La sensazione è che il Benevento attuale sia anche dal punto di vista numerico troppo striminzito: se durante il campionato dovesse venire un raffreddore ad uno dei nostri top player, come Lucioni, D’Alessandro e Ciciretti chi li sostituirebbe? A prescindere dalla fiducia che la maggior parte dei tifosi compreso il sottoscritto continua e continuerà a confidare nella società, nel tecnico e nella squadra, in questo momento sarebbe inutile mettere la testa sotto la sabbia e far finta che non siano sorti dei problemi da provare a risolvere negli ultimi giorni di mercato. Sono quasi 2 mesi, che dalle pagine social vado ripetendo che a questa squadra mancano 2 esterni e 1 attaccante e come e prima di me lo hanno sempre saputo Baroni e Di Somma. E allora mi chiedo, perché arrivare agli ultimi giorni?  E va bene che il mercato è complicato per una matricola come il Benevento, ma fare mea culpa riguardo forse alcune strategie forse da rivedere nel prossimo futuro, credo sia quanto meno doveroso.

Prendiamo per esempio l’acquisto dato ormai per certo di Memushaj, calciatore voluto dal tecnico e che certamente potrà essere importante nello scacchiere giallorosso, mi chiedo, cosa comporterà? Ci sono dubbi sulle condizioni di Chibash e sulla sua tenuta fisica durante il campionato?

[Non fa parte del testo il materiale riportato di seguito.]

lemma phi_eq_iff:
  assumes "t \<in> {1..cumulative (q r) n}"
  shows "phi n q r t = k \<longleftrightarrow> k \<in> {1..n} \<and> cumulative (q r) (k - 1) < t \<and> t \<le> cumulative (q r) k"
proof -
  let ?block = "\<lambda>k. k \<in> {1..n} \<and> cumulative (q r) (k - 1) < t \<and> t \<le> cumulative (q r) k"
  obtain k0 where k0: "?block k0"
    using cumulative_block_exists[of t "q r" n] assms by auto
  have unique: "k = k0" if "?block k" for k
    using that k0 by (blast intro: cumulative_block_unique)
  have "phi n q r t = (THE k. ?block k)"
    unfolding phi_def cumulative_def[symmetric] sum_atLeastLessThan_eq_cumulative ..
  also have "\<dots> = k0" using k0 unique by (rule the_equality)
  finally show ?thesis using k0 unique by blast
qed

lemma grid_eq_PiE: "grid n = PiE UNIV (\<lambda>_. {1..n})"
  unfolding grid_def by (auto simp: PiE_iff)

lemma finite_grid: "finite (grid n :: ('d::finite \<Rightarrow> nat) set)"
  unfolding grid_eq_PiE by (intro finite_PiE) auto

lemma Phi_in_grid:
  assumes "\<And>r. cumulative (q r) n = N" "y \<in> grid N"
  shows "Phi n q y \<in> grid n"
proof -
  have "phi n q r (y r) \<in> {1..n}" for r
    using phi_eq_iff[where t = "y r" and q = q and r = r and n = n and k = "phi n q r (y r)"] assms
    unfolding grid_def by auto
  then show ?thesis unfolding grid_def Phi_def by auto
qed
(* Let $\Lambda\in\mathbb{N}$ and let $k$ be a real number with $k\ge\Lambda^2(\Lambda+1)^2$. For $\alpha\in[0,2\pi)$ and $\beta=(\beta_{-\Lambda},\dots,\beta_\Lambda)\in\mathbb{R}^{2\Lambda+1}$ let $$\bm{\omega}_\alpha^\beta:=\sum_{m=-\Lambda}^{\Lambda}\frac{e^{i(\alpha m+\beta_m)}}{\sqrt{2\Lambda+1}}\psi_m,\qquad P_\alpha^\beta:=\bm{\omega}_\alpha^\beta\langle\bm{\omega}_\alpha^\beta,\cdot\rangle.$$ Then: (i) $I=\frac{2\Lambda+1}{2\pi}\int_0^{2\pi}d\alpha\,P_\alpha^\beta$ for every $\beta$; (ii) on every $\bm{\omega}_\alpha^\beta$, $\langle L\rangle=0$ and $(\Delta L)^2=\Lambda(\Lambda+1)/3$; (iii) for all $\alpha,\beta$, $(\Delta\bm{x})^2_{\bm{\omega}_\alpha^\beta}\ge(\Delta\bm{x})^2_{\bm{\omega}_\alpha^0}$, and $$(\Delta\bm{x})^2_{\bm{\omega}_\alpha^0}<\frac{1}{\Lambda+1}\left(\frac12+\frac{1}{3\Lambda}\right),$$ which is $\le \frac{2}{3(\Lambda+1)}$ when $\Lambda\ge2$.
   Context: (Fuzzy circle $S^1_\Lambda$.) $\mathcal{H}_\Lambda$ is a $(2\Lambda+1)$-dimensional Hilbert space with orthonormal basis $\{\psi_n\}_{n=-\Lambda}^{\Lambda}$ (inner product antilinear in the first argument). Operators: $L\psi_n=n\psi_n$; $x_+\psi_n=b_{n+1}\psi_{n+1}$, $x_-\psi_n=b_n\psi_{n-1}$, where $b_n=\sqrt{1+n(n-1)/k}$ if $1-\Lambda\le n\le\Lambda$ and $b_n=0$ otherwise (so the undefined vectors $\psi_{\pm(\Lambda+1)}$ never occur with nonzero coefficient); $x_1=(x_++x_-)/2$, $x_2=(x_+-x_-)/(2i)$, $\bm{x}^2=x_1^2+x_2^2$. For a unit vector $\bm{\chi}$, $\langle A\rangle=\langle\bm{\chi},A\bm{\chi}\rangle$, $(\Delta L)^2=\langle L^2\rangle-\langle L\rangle^2$, and $(\Delta\bm{x})^2_{\bm\chi}=\langle\bm{x}^2\rangle-\langle x_1\rangle^2-\langle x_2\rangle^2$. *)

theory Defs
  imports "HOL-Analysis.Analysis"
begin

text \<open>Fuzzy circle. A vector of the Hilbert space H_Lambda is represented by its
coefficient function c :: int => complex w.r.t. the orthonormal basis psi_n,
with c n = 0 for n outside {-Lambda..Lambda}.\<close>

type_synonym fvec = "int \<Rightarrow> complex"

definition hspace :: "nat \<Rightarrow> fvec set" where
  "hspace Lam = {v. \<forall>n. n \<notin> {- int Lam..int Lam} \<longrightarrow> v n = 0}"

definition psi :: "int \<Rightarrow> fvec" where
  "psi n = (\<lambda>m. if m = n then 1 else 0)"

definition finner :: "nat \<Rightarrow> fvec \<Rightarrow> fvec \<Rightarrow> complex" where
  "finner Lam u v = (\<Sum>n\<in>{- int Lam..int Lam}. cnj (u n) * v n)"

definition bcoef :: "nat \<Rightarrow> real \<Rightarrow> int \<Rightarrow> complex" where
  "bcoef Lam k n = (if 1 - int Lam \<le> n \<and> n \<le> int Lam
      then complex_of_real (sqrt (1 + real_of_int (n * (n - 1)) / k)) else 0)"

definition Lop :: "fvec \<Rightarrow> fvec" where
  "Lop v = (\<lambda>m. of_int m * v m)"

text \<open>x_+ psi_n = b_{n+1} psi_{n+1}, i.e. the coefficient at m is b_m v_{m-1}\<close>
definition xplus :: "nat \<Rightarrow> real \<Rightarrow> fvec \<Rightarrow> fvec" where
  "xplus Lam k v = (\<lambda>m. bcoef Lam k m * v (m - 1))"
definition almost_contact_B_metric :: "nat \<Rightarrow> (real^'m::finite) set \<Rightarrow> (real^'m \<Rightarrow> 'm \<Rightarrow> 'm \<Rightarrow> real)
    \<Rightarrow> (real^'m \<Rightarrow> 'm \<Rightarrow> real) \<Rightarrow> (real^'m \<Rightarrow> 'm \<Rightarrow> real) \<Rightarrow> (real^'m \<Rightarrow> 'm \<Rightarrow> 'm \<Rightarrow> real) \<Rightarrow> bool" where
  "almost_contact_B_metric n U Phi Xi Eta G \<longleftrightarrow>
     CARD('m) = 2 * n + 1 \<and> open U \<and>
     (\<forall>i j. smooth_chart U (\<lambda>p. Phi p i j) \<and> smooth_chart U (\<lambda>p. G p i j)) \<and>
     (\<forall>i. smooth_chart U (\<lambda>p. Xi p i) \<and> smooth_chart U (\<lambda>p. Eta p i)) \<and>
     (\<forall>p\<in>U.
        (\<forall>i. (\<Sum>j\<in>UNIV. Phi p i j * Xi p j) = 0) \<and>
        (\<forall>i j. (\<Sum>k\<in>UNIV. Phi p i k * Phi p k j) = - kdelta i j + Eta p j * Xi p i) \<and>
        (\<forall>j. (\<Sum>i\<in>UNIV. Eta p i * Phi p i j) = 0) \<and>
        (\<Sum>i\<in>UNIV. Eta p i * Xi p i) = 1 \<and>
        (\<forall>i j. G p i j = G p j i) \<and>
        has_signature (G p) (n + 1) n \<and>
        (\<forall>i j. (\<Sum>a\<in>UNIV. \<Sum>b\<in>UNIV. G p a b * Phi p a i * Phi p b j) = - G p i j + Eta p i * Eta p j))"

definition sasaki_like :: "(real^'m::finite) set \<Rightarrow> (real^'m \<Rightarrow> 'm \<Rightarrow> 'm \<Rightarrow> real)
    \<Rightarrow> (real^'m \<Rightarrow> 'm \<Rightarrow> real) \<Rightarrow> (real^'m \<Rightarrow> 'm \<Rightarrow> real) \<Rightarrow> (real^'m \<Rightarrow> 'm \<Rightarrow> 'm \<Rightarrow> real) \<Rightarrow> bool" where
  "sasaki_like U Phi Xi Eta G \<longleftrightarrow> (\<forall>p\<in>U. \<forall>i j k.
     cov_deriv_11 G Phi p i k j = - G p i j * Xi p k - Eta p j * kdelta k i + 2 * Eta p i * Eta p j * Xi p k)"

definition ricci_like_soliton :: "(real^'m::finite) set \<Rightarrow> (real^'m \<Rightarrow> 'm \<Rightarrow> 'm \<Rightarrow> real)
    \<Rightarrow> (real^'m \<Rightarrow> 'm \<Rightarrow> 'm \<Rightarrow> real) \<Rightarrow> (real^'m \<Rightarrow> 'm \<Rightarrow> real) \<Rightarrow> (real^'m \<Rightarrow> 'm \<Rightarrow> real)
    \<Rightarrow> real \<Rightarrow> real \<Rightarrow> real \<Rightarrow> bool" where
  "ricci_like_soliton U G Phi Eta V lam mu nu \<longleftrightarrow> (\<forall>p\<in>U. \<forall>i j.
     (1/2) * lie_deriv_metric G V p i j + ricci G p i j + lam * G p i j
       + mu * assoc_metric G Phi Eta p i j + nu * Eta p i * Eta p j = 0)"

definition locally_ricci_symmetric :: "(real^'m::finite) set \<Rightarrow> (real^'m \<Rightarrow> 'm \<Rightarrow> 'm \<Rightarrow> real) \<Rightarrow> bool" where
  "locally_ricci_symmetric U G \<longleftrightarrow> (\<forall>p\<in>U. \<forall>i j k. cov_deriv_02 G (ricci G) p i j k = 0)"

definition einstein :: "(real^'m::finite) set \<Rightarrow> (real^'m \<Rightarrow> 'm \<Rightarrow> 'm \<Rightarrow> real) \<Rightarrow> bool" where
  "einstein U G \<longleftrightarrow> (\<exists>c::real. \<forall>p\<in>U. \<forall>i j. ricci G p i j = c * G p i j)"

end

theory Submission
  imports Defs
begin

text \<open>The Sasaki-like condition forces \<open>\<nabla>\<xi> = -\<phi>\<close>; hence \<open>\<L>\<^sub>\<xi> g = -2 g(\<cdot>, \<phi>\<cdot>)\<close> and, by the
  Ricci identity, \<open>\<rho>(\<cdot>, \<xi>) = 2n \<eta>\<close>. Contracting the soliton equation with \<open>\<xi>\<close> gives
  \<open>\<lambda> + \<mu> + \<nu> = -2n\<close>, so that \<open>\<rho> = 2n g + (\<mu> + \<nu>) (g - \<eta>\<otimes>\<eta>) + (1 - \<mu>) g(\<cdot>, \<phi>\<cdot>)\<close>.
  The Sasaki condition also yields \<open>\<nabla>(g - \<eta>\<otimes>\<eta>)\<close> and \<open>\<nabla>g(\<cdot>, \<phi>\<cdot>)\<close>; contracting \<open>\<nabla>\<rho>\<close>
  with \<open>\<xi>\<close> leaves \<open>(\<mu> + \<nu>) g(\<cdot>, \<phi>\<cdot>) - (1 - \<mu>) (g - \<eta>\<otimes>\<eta>)\<close>, while \<open>\<rho> = c g\<close> forces
  \<open>c = 2n\<close> and \<open>(\<mu> + \<nu>) (g - \<eta>\<otimes>\<eta>) + (1 - \<mu>) g(\<cdot>, \<phi>\<cdot>) = 0\<close>. Since \<open>\<phi>\<close> exchanges
  these two tensors up to sign, they are linearly independent when \<open>n \<ge> 1\<close>, and both
  conditions become \<open>\<mu> = 1\<close>, \<open>\<nu> = -1\<close>.\<close>

section \<open>Partial derivatives in a chart\<close>

lemma pd_line_has_real_derivative:
  fixes f :: "real^'m \<Rightarrow> real"
  assumes "f differentiable (at (p + s *\<^sub>R axis i 1))"
  shows "((\<lambda>t. f (p + t *\<^sub>R axis i 1)) has_real_derivative pd f i (p + s *\<^sub>R axis i 1)) (at s)"
proof -
  let ?q = "p + s *\<^sub>R axis i (1::real)"
  have "(\<lambda>t. f (?q + t *\<^sub>R axis i 1)) differentiable (at 0)"
    by (rule differentiable_compose[where f=f]) (use assms in \<open>auto intro!: derivative_intros\<close>)
  then have "((\<lambda>t. f (?q + t *\<^sub>R axis i 1)) has_real_derivative pd f i ?q) (at (s + - s))"
    unfolding pd_def using DERIV_deriv_iff_real_differentiable by simp
  then have "((\<lambda>t. f (?q + (t + - s) *\<^sub>R axis i 1)) has_real_derivative pd f i ?q) (at s)"
    by (subst (asm) DERIV_shift)
  then show ?thesis
    by (simp add: algebra_simps)
qed

lemma pd_has_real_derivative:
  "f differentiable (at p) \<Longrightarrow> ((\<lambda>t. f (p + t *\<^sub>R axis i 1)) has_real_derivative pd f i p) (at 0)"
  using pd_line_has_real_derivative[of f p 0 i] by simp

lemma pd_eqI: "((\<lambda>t. f (p + t *\<^sub>R axis i 1)) has_real_derivative D) (at 0) \<Longrightarrow> pd f i p = D"
  unfolding pd_def by (rule DERIV_imp_deriv)

lemma pd_const [simp]: "pd (\<lambda>q. c) i p = 0"
  by (rule pd_eqI) (auto intro!: derivative_eq_intros)

lemma pd_add:
  "f differentiable (at p) \<Longrightarrow> g differentiable (at p) \<Longrightarrow> pd (\<lambda>q. f q + g q) i p = pd f i p + pd g i p"
  by (intro pd_eqI) (auto intro!: derivative_eq_intros pd_has_real_derivative)

lemma pd_diff:
  "f differentiable (at p) \<Longrightarrow> g differentiable (at p) \<Longrightarrow> pd (\<lambda>q. f q - g q) i p = pd f i p - pd g i p"
  by (intro pd_eqI) (auto intro!: derivative_eq_intros pd_has_real_derivative)

lemma pd_minus: "f differentiable (at p) \<Longrightarrow> pd (\<lambda>q. - f q) i p = - pd f i p"
  by (intro pd_eqI) (auto intro!: derivative_eq_intros pd_has_real_derivative)

lemma pd_mult:
  "f differentiable (at p) \<Longrightarrow> g differentiable (at p) \<Longrightarrow>
   pd (\<lambda>q. f q * g q) i p = pd f i p * g p + f p * pd g i p"
  by (intro pd_eqI) (auto intro!: derivative_eq_intros pd_has_real_derivative)

lemma pd_cmult: "f differentiable (at p) \<Longrightarrow> pd (\<lambda>q. c * f q) i p = c * pd f i p"
  by (simp add: pd_mult)

lemma pd_sum:
  "finite S \<Longrightarrow> (\<And>a. a \<in> S \<Longrightarrow> f a differentiable (at p)) \<Longrightarrow>
   pd (\<lambda>q. \<Sum>a\<in>S. f a q) i p = (\<Sum>a\<in>S. pd (f a) i p)"
  by (intro pd_eqI) (auto intro!: DERIV_sum pd_has_real_derivative)

lemma pd_cong_open:
  assumes "open U" "p \<in> U" "\<And>q. q \<in> U \<Longrightarrow> f q = g q"
  shows "pd f i p = pd g i p"
  unfolding pd_def
proof (rule deriv_cong_ev[OF _ refl])
  have "open ((\<lambda>t::real. p + t *\<^sub>R axis i 1) -` U)"
    by (rule continuous_open_vimage[OF assms(1)]) (auto intro!: continuous_intros)
  moreover have "0 \<in> (\<lambda>t::real. p + t *\<^sub>R axis i 1) -` U"
    using assms(2) by simp
  ultimately have "\<forall>\<^sub>F t in nhds 0. t \<in> (\<lambda>t::real. p + t *\<^sub>R axis i 1) -` U"
    by (rule eventually_nhds_in_open)
  then show "\<forall>\<^sub>F t in nhds 0. f (p + t *\<^sub>R axis i 1) = g (p + t *\<^sub>R axis i 1)"
    by eventually_elim (use assms(3) in auto)
qed

lemma pd_eq_0_if_constant_on:
  "open U \<Longrightarrow> p \<in> U \<Longrightarrow> (\<And>q. q \<in> U \<Longrightarrow> f q = c) \<Longrightarrow> pd f i p = 0"
  using pd_cong_open[of U p f "\<lambda>q. c"] by simp

lemma norm_two_axes_le:
  assumes "0 \<le> s" "s \<le> h" "0 \<le> t" "t \<le> h"
  shows "norm (s *\<^sub>R axis i (1::real) + t *\<^sub>R axis j 1 :: real^'m) \<le> 2 * h"
proof -
  have "norm (s *\<^sub>R axis i (1::real) + t *\<^sub>R axis j 1 :: real^'m)
      \<le> norm (s *\<^sub>R axis i (1::real) :: real^'m) + norm (t *\<^sub>R axis j (1::real) :: real^'m)"
    by (rule norm_triangle_ineq)
  also have "\<dots> = s + t"
    using assms by simp
  finally show ?thesis
    using assms by simp
qed

lemma second_difference_mvt:
  fixes f :: "real^'m \<Rightarrow> real"
  assumes h: "0 < h" and sub: "cball p (2*h) \<subseteq> U"
    and df: "\<forall>q\<in>U. f differentiable (at q)" and dfi: "\<forall>q\<in>U. pd f i differentiable (at q)"
  shows "\<exists>x. dist x p \<le> 2*h \<and>
     f (p + h *\<^sub>R axis j 1 + h *\<^sub>R axis i 1) - f (p + h *\<^sub>R axis i 1) - f (p + h *\<^sub>R axis j 1) + f p
       = h * h * pd (pd f i) j x"
proof -
  let ?ei = "axis i (1::real) :: real^'m" and ?ej = "axis j (1::real) :: real^'m"
  have inU: "p + s *\<^sub>R ?ei + t *\<^sub>R ?ej \<in> U" if "0 \<le> s" "s \<le> h" "0 \<le> t" "t \<le> h" for s t
  proof -
    have "dist (p + s *\<^sub>R ?ei + t *\<^sub>R ?ej) p \<le> 2*h"
      using norm_two_axes_le[OF that, of i j] by (simp add: dist_norm add.assoc)
    then show ?thesis
      using sub by (auto simp: dist_commute)
  qed
  define \<phi> where "\<phi> s = f ((p + h *\<^sub>R ?ej) + s *\<^sub>R ?ei) - f (p + s *\<^sub>R ?ei)" for s
  have d\<phi>: "DERIV \<phi> s :> pd f i ((p + h *\<^sub>R ?ej) + s *\<^sub>R ?ei) - pd f i (p + s *\<^sub>R ?ei)"
    if "0 \<le> s" "s \<le> h" for s
  proof -
    have "(p + h *\<^sub>R ?ej) + s *\<^sub>R ?ei \<in> U" "p + s *\<^sub>R ?ei \<in> U"
      using inU[of s h] inU[of s 0] that h by (simp_all add: algebra_simps)
    then show ?thesis
      unfolding \<phi>_def using df by (intro DERIV_diff pd_line_has_real_derivative) auto
  qed
  obtain s where s: "0 < s" "s < h"
    "\<phi> h - \<phi> 0 = (h - 0) * (pd f i ((p + h *\<^sub>R ?ej) + s *\<^sub>R ?ei) - pd f i (p + s *\<^sub>R ?ei))"
    using MVT2[OF h, of \<phi>, OF d\<phi>] by blast
  define \<psi> where "\<psi> t = pd f i ((p + s *\<^sub>R ?ei) + t *\<^sub>R ?ej)" for t
  have d\<psi>: "DERIV \<psi> t :> pd (pd f i) j ((p + s *\<^sub>R ?ei) + t *\<^sub>R ?ej)" if "0 \<le> t" "t \<le> h" for t
    unfolding \<psi>_def using inU[of s t] that s dfi by (intro pd_line_has_real_derivative) auto
  obtain t where t: "0 < t" "t < h" "\<psi> h - \<psi> 0 = (h - 0) * pd (pd f i) j ((p + s *\<^sub>R ?ei) + t *\<^sub>R ?ej)"
    using MVT2[OF h, of \<psi>, OF d\<psi>] by blast
  have "dist ((p + s *\<^sub>R ?ei) + t *\<^sub>R ?ej) p \<le> 2*h"
    using norm_two_axes_le[of s h t i j] s t by (simp add: dist_norm add.assoc)
  moreover have "f (p + h *\<^sub>R ?ej + h *\<^sub>R ?ei) - f (p + h *\<^sub>R ?ei) - f (p + h *\<^sub>R ?ej) + f p = \<phi> h - \<phi> 0"
    by (simp add: \<phi>_def)
  moreover have "\<phi> h - \<phi> 0 = h * (\<psi> h - \<psi> 0)"
    using s(3) by (simp add: \<psi>_def algebra_simps)
  ultimately show ?thesis
    using t(3) by auto
qed

lemma pd_pd_commute:
  fixes f :: "real^'m \<Rightarrow> real"
  assumes U: "open U" "p \<in> U"
    and df: "\<forall>q\<in>U. f differentiable (at q)" and dfi: "\<forall>k. \<forall>q\<in>U. pd f k differentiable (at q)"
    and ci: "continuous_on U (pd (pd f i) j)" and cj: "continuous_on U (pd (pd f j) i)"
  shows "pd (pd f i) j p = pd (pd f j) i p"
proof (rule ccontr)
  let ?A = "pd (pd f i) j" and ?B = "pd (pd f j) i"
  assume ne: "?A p \<noteq> ?B p"
  define d where "d = \<bar>?A p - ?B p\<bar> / 2"
  have d: "d > 0"
    using ne by (simp add: d_def)
  obtain r where r: "r > 0" "cball p r \<subseteq> U"
    using U open_contains_cball by blast
  have "isCont ?A p" "isCont ?B p"
    using ci cj U by (simp_all add: continuous_on_eq_continuous_at)
  then obtain dA dB where dA: "dA > 0" "\<forall>x. dist x p < dA \<longrightarrow> dist (?A x) (?A p) < d"
    and dB: "dB > 0" "\<forall>x. dist x p < dB \<longrightarrow> dist (?B x) (?B p) < d"
    using d unfolding continuous_at_eps_delta by blast
  define h where "h = min r (min dA dB) / 4"
  have h: "h > 0" "2*h < dA" "2*h < dB"
    using r dA dB by (auto simp: h_def)
  have "2*h \<le> r"
    using r dA dB by (simp add: h_def)
  then have sub: "cball p (2*h) \<subseteq> U"
    using r(2) subset_cball by blast
  obtain x1 where x1: "dist x1 p \<le> 2*h"
    "f (p + h *\<^sub>R axis j 1 + h *\<^sub>R axis i 1) - f (p + h *\<^sub>R axis i 1) - f (p + h *\<^sub>R axis j 1) + f p
       = h * h * ?A x1"
    using second_difference_mvt[OF h(1) sub df, where i=i and j=j] dfi by blast
  obtain x2 where x2: "dist x2 p \<le> 2*h"
    "f (p + h *\<^sub>R axis i 1 + h *\<^sub>R axis j 1) - f (p + h *\<^sub>R axis j 1) - f (p + h *\<^sub>R axis i 1) + f p
       = h * h * ?B x2"
    using second_difference_mvt[OF h(1) sub df, where i=j and j=i] dfi by blast
  have swap: "p + h *\<^sub>R axis i 1 + h *\<^sub>R axis j 1 = p + h *\<^sub>R axis j 1 + h *\<^sub>R axis i 1"
    by (simp add: add_ac)
  have "h * h * ?A x1 = h * h * ?B x2"
    using x1(2) x2(2) unfolding swap by linarith
  then have "?A x1 = ?B x2"
    using h(1) by simp
  moreover have "\<bar>?A x1 - ?A p\<bar> < d" "\<bar>?B x2 - ?B p\<bar> < d"
    using dA dB x1(1) x2(1) h by (auto simp: dist_real_def)
  ultimately have "\<bar>?A p - ?B p\<bar> < 2 * d"
    by linarith
  then show False
    by (simp add: d_def)
qed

Oppure nel progetto tecnico si sta pensando anche ad un centrocampo a 3 nel prossimo futuro? Tornando alla difesa, Costa non è sembrato impeccabile, e allora perché non si è provato a pescare anche nel mercato degli svincolati come hanno fatto altre squadre? Molti hanno fatto il nome di un profilo alla Burdisso, ma come lui tanti altri, e allora perché non si è provato a raggiungere calciatori del genere? 

Siamo d’accordo con Baroni quando ribadisce di volere calciatori che sposino la causa e che arrivino a Benevento con lo spirito giusto, ma il tempo a disposizione è ormai scaduto e sarebbe un delitto non completare una squadra come la nostra che anche a dire dei colleghi bolognesi non ha dimostrato certamente di essere la cenerentola alla Pescare dello scorso anno per intenderci, di cui si era parlato ll’inizio, e che puntellata a dovere con 3/4  giocatori di un certo tipo, potrebbe sedersi tranquillamente al tavolo delle pretendenti alla salvezza.

Detto questo ribadisco che continuo a fidarmi del nostro Presidente e delle sue parole: “Sono arrivato in serie A e adesso guai a chi me la tocca”. Ecco, queste sono le parole che danno fiducia a tutto l’ambiente giallorosso. Del resto abbiamo imparato che quando Oreste Vigorito dice o promette qualcosa poi mantiene. Scommettiamo che anche questa volta sarà così? Il 31 agosto è vicino e la fiducia verso una salvezza sicuramente non impossibile rimane pressoché intatta.